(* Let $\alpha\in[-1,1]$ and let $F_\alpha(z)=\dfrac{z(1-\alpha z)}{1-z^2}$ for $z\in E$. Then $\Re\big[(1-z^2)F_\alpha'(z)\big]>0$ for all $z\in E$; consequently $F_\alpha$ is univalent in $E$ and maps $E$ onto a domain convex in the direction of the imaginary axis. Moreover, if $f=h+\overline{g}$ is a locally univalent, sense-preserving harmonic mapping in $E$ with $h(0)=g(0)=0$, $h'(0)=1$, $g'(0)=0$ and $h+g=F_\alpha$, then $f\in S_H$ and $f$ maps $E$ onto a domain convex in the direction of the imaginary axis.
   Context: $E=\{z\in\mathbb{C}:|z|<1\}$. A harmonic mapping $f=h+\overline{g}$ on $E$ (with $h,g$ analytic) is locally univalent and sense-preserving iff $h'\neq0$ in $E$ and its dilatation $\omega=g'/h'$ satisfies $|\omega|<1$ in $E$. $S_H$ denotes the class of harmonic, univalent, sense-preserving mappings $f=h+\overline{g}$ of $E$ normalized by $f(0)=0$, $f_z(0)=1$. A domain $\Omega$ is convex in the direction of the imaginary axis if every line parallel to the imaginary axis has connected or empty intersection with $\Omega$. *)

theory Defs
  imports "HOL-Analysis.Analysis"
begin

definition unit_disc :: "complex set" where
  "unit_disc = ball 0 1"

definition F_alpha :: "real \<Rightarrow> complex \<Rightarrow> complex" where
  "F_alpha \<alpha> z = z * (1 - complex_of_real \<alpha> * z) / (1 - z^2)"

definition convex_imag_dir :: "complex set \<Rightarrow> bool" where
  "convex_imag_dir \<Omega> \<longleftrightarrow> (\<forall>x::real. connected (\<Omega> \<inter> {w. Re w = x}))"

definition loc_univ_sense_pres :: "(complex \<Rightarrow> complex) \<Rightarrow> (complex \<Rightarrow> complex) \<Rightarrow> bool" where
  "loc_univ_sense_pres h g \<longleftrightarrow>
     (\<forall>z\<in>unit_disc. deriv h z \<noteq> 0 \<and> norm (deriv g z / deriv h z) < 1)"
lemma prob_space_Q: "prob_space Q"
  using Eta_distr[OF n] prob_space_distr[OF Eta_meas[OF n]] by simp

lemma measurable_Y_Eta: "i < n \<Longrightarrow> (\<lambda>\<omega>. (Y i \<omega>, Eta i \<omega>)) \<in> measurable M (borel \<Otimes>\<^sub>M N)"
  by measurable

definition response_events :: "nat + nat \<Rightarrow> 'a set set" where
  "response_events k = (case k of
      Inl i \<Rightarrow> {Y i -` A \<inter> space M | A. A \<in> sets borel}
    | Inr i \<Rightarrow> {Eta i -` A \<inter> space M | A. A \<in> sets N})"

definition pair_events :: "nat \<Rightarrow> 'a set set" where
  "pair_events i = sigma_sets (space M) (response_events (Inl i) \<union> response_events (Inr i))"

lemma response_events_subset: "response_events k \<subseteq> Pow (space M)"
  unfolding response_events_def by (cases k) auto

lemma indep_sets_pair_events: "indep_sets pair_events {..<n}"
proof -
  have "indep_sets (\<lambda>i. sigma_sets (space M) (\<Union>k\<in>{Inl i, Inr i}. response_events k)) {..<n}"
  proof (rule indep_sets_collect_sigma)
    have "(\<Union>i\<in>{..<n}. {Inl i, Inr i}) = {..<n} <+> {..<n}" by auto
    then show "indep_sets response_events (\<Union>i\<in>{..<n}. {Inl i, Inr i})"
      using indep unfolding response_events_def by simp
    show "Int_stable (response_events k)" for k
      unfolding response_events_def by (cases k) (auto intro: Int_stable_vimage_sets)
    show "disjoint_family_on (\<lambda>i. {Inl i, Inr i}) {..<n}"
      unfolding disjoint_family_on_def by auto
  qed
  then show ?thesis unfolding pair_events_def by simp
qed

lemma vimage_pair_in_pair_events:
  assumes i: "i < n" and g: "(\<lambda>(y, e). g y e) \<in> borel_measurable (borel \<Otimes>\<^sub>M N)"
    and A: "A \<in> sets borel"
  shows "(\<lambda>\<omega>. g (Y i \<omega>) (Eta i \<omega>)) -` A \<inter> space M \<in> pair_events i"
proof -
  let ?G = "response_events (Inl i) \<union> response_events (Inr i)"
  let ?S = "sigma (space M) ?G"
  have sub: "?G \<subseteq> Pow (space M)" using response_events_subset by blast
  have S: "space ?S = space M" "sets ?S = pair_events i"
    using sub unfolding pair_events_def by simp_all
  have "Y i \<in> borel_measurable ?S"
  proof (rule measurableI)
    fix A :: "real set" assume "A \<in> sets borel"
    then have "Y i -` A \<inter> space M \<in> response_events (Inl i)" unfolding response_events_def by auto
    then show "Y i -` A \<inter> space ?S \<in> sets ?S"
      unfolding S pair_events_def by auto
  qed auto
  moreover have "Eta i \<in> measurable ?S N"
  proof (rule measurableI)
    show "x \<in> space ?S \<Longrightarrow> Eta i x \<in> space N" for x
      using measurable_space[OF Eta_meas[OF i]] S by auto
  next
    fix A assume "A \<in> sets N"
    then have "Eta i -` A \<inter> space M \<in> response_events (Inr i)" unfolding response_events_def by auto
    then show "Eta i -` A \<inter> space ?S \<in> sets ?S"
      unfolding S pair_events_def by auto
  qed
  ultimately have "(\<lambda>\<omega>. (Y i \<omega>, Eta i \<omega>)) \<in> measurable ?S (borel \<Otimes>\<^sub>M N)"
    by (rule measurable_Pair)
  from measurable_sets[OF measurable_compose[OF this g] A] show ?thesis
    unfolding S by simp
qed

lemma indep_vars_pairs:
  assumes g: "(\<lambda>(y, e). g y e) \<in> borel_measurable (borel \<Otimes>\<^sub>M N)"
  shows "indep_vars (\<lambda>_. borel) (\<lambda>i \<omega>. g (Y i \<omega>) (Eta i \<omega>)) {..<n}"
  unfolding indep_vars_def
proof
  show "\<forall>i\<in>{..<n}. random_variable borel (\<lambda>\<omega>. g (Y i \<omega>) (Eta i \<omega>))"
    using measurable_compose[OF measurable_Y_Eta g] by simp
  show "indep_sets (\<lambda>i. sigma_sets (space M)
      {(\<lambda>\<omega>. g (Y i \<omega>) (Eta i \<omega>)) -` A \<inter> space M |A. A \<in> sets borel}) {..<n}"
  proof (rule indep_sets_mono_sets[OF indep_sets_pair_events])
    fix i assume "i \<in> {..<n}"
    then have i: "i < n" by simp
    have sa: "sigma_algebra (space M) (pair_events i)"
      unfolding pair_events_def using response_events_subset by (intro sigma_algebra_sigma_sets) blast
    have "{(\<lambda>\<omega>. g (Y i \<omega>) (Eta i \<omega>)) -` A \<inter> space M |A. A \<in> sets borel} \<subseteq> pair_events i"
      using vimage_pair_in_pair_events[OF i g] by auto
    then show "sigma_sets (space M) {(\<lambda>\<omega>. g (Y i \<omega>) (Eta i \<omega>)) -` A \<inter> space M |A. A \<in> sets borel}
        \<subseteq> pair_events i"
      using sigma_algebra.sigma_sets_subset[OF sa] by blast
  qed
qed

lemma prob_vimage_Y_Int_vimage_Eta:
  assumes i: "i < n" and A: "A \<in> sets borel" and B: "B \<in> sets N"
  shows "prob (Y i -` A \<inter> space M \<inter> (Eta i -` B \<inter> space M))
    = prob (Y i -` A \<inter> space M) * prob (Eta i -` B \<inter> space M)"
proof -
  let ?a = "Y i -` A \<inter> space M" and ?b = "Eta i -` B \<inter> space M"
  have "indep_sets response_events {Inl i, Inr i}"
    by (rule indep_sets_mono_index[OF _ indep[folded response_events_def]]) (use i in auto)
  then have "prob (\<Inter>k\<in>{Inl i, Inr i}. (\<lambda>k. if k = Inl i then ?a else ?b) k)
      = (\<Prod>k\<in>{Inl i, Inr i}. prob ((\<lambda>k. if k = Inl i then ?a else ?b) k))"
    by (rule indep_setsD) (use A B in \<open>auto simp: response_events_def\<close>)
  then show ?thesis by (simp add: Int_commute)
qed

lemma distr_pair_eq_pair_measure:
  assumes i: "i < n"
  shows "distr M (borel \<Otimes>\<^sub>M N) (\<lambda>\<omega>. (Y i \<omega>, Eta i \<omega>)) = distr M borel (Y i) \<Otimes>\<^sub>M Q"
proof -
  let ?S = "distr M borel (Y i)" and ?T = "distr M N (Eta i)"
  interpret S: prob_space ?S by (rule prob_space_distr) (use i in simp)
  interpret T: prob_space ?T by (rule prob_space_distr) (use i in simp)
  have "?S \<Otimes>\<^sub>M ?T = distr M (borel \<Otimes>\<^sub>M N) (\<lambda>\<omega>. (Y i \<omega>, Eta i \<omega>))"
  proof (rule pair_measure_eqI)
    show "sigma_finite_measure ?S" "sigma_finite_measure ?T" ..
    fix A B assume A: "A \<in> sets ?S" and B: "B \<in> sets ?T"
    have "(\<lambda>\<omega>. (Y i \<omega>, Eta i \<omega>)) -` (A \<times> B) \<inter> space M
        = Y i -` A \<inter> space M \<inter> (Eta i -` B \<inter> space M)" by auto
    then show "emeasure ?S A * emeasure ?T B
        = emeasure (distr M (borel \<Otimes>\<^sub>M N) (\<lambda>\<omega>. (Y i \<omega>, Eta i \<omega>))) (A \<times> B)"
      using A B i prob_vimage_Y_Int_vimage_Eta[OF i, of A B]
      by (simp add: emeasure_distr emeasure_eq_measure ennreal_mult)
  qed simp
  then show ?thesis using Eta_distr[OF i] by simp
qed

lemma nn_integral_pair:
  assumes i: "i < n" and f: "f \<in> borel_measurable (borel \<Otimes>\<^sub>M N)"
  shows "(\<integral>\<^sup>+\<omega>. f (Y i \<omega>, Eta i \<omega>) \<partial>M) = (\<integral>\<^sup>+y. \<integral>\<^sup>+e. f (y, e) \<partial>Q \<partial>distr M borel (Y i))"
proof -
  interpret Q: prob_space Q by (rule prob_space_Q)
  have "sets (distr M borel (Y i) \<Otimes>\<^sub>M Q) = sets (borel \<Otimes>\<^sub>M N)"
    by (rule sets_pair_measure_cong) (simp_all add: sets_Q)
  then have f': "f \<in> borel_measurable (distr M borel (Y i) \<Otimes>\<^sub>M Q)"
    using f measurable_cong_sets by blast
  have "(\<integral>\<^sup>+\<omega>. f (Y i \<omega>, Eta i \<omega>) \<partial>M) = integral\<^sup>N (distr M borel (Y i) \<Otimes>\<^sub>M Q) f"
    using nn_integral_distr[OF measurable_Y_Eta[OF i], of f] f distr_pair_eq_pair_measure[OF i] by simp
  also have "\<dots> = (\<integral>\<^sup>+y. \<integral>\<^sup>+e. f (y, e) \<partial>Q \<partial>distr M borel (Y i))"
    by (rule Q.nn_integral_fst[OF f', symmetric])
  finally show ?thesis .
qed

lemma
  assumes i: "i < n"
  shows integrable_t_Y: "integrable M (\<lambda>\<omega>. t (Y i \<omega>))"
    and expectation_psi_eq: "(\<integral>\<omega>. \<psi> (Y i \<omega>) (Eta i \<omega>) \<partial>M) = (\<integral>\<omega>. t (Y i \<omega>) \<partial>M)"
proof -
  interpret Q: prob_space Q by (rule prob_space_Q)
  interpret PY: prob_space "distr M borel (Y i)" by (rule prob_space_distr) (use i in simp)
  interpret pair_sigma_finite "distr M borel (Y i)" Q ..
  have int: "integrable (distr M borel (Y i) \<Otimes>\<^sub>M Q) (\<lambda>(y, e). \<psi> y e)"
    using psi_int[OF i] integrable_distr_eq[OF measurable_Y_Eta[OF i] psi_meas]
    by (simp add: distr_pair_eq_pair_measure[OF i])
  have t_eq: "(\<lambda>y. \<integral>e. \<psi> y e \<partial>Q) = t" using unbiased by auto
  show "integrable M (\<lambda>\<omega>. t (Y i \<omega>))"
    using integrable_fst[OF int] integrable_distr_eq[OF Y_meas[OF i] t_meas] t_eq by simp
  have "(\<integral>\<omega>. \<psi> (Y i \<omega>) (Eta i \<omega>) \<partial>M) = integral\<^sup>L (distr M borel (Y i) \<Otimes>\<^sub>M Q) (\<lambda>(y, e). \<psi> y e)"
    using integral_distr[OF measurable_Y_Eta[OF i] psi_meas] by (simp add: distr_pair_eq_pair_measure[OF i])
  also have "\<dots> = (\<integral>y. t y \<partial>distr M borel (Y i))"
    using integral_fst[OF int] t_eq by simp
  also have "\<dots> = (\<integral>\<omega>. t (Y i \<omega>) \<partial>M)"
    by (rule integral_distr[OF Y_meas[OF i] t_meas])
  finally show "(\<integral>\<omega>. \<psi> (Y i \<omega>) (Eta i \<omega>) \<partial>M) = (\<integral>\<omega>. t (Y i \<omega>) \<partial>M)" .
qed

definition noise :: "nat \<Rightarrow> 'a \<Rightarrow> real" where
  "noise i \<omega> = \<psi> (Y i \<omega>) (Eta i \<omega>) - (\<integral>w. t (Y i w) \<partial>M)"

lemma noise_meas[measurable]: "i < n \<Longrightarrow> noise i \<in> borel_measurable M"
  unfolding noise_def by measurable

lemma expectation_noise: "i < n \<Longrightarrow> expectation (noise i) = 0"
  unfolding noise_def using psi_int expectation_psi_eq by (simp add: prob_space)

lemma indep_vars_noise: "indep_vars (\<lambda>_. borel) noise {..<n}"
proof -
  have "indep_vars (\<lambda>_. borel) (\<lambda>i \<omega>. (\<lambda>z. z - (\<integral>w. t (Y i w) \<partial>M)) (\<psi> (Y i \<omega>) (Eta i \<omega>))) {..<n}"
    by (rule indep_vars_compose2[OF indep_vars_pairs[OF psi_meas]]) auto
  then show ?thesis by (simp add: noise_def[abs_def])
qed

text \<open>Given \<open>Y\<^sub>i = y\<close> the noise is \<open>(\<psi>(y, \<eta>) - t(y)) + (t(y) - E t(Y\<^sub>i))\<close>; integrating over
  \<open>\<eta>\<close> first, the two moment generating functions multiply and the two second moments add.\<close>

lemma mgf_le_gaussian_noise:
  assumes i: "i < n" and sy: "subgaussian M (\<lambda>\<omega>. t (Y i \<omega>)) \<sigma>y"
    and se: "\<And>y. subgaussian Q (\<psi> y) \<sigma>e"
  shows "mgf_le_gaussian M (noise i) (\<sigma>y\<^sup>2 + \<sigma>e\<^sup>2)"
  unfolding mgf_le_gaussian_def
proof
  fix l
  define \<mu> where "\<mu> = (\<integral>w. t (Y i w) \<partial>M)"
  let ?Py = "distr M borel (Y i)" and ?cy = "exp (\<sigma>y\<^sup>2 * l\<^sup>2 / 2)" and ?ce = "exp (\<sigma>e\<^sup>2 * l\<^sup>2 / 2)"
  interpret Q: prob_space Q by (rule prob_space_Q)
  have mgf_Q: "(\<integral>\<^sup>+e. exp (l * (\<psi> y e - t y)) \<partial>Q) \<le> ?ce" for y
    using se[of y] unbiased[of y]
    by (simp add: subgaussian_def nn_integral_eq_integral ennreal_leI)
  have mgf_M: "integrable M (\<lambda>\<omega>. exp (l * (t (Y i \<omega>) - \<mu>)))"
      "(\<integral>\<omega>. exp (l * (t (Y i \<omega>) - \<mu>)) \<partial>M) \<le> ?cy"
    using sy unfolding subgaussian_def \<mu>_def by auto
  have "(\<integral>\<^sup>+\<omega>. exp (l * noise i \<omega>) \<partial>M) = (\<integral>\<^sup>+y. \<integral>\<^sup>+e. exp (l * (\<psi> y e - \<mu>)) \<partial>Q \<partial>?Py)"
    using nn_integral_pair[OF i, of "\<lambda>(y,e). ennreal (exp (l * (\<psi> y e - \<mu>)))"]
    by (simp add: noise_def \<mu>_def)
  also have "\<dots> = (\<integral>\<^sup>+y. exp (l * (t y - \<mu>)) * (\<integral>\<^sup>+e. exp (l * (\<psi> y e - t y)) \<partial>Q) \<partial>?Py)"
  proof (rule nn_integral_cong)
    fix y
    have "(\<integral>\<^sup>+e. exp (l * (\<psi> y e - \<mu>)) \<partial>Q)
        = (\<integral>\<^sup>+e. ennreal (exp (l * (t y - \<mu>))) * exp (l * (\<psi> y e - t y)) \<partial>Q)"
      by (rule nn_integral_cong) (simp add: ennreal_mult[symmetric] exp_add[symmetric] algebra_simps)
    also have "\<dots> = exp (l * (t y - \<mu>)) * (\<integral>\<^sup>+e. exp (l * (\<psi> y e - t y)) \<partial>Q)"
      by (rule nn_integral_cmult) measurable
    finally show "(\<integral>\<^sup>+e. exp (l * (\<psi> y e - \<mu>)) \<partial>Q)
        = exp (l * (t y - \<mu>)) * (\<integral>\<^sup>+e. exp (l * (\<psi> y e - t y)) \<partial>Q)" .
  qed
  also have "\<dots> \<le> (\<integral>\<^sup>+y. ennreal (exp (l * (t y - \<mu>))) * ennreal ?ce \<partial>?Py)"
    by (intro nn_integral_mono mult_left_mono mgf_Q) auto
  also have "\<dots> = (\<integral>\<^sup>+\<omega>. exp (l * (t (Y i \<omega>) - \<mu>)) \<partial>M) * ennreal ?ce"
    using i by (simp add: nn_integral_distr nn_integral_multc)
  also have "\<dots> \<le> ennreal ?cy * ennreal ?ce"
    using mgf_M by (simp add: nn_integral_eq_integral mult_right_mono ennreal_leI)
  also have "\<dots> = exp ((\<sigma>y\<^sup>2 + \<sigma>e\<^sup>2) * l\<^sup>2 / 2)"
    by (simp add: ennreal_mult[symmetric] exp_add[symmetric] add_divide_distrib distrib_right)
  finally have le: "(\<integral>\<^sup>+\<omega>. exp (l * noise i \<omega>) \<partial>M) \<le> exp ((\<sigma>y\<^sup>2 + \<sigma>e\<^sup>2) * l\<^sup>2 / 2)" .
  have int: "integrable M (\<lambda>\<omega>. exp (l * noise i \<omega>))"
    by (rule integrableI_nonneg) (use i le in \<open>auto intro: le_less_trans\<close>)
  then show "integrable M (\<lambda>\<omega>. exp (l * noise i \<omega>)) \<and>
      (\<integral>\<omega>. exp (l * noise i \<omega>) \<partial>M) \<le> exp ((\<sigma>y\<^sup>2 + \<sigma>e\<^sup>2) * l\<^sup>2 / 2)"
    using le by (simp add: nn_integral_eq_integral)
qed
══════════════════════════════
## WHAT TO DO
Out of the data above, set down the lines from the one with "unfolding noise_def using" to the one with "text \<open>Given \<open>Y\<^sub>i", both included, exactly as written and with no additions.

## SOLUTION BELOW
  unfolding noise_def using psi_int expectation_psi_eq by (simp add: prob_space)

lemma indep_vars_noise: "indep_vars (\<lambda>_. borel) noise {..<n}"
proof -
  have "indep_vars (\<lambda>_. borel) (\<lambda>i \<omega>. (\<lambda>z. z - (\<integral>w. t (Y i w) \<partial>M)) (\<psi> (Y i \<omega>) (Eta i \<omega>))) {..<n}"
    by (rule indep_vars_compose2[OF indep_vars_pairs[OF psi_meas]]) auto
  then show ?thesis by (simp add: noise_def[abs_def])
qed

text \<open>Given \<open>Y\<^sub>i = y\<close> the noise is \<open>(\<psi>(y, \<eta>) - t(y)) + (t(y) - E t(Y\<^sub>i))\<close>; integrating over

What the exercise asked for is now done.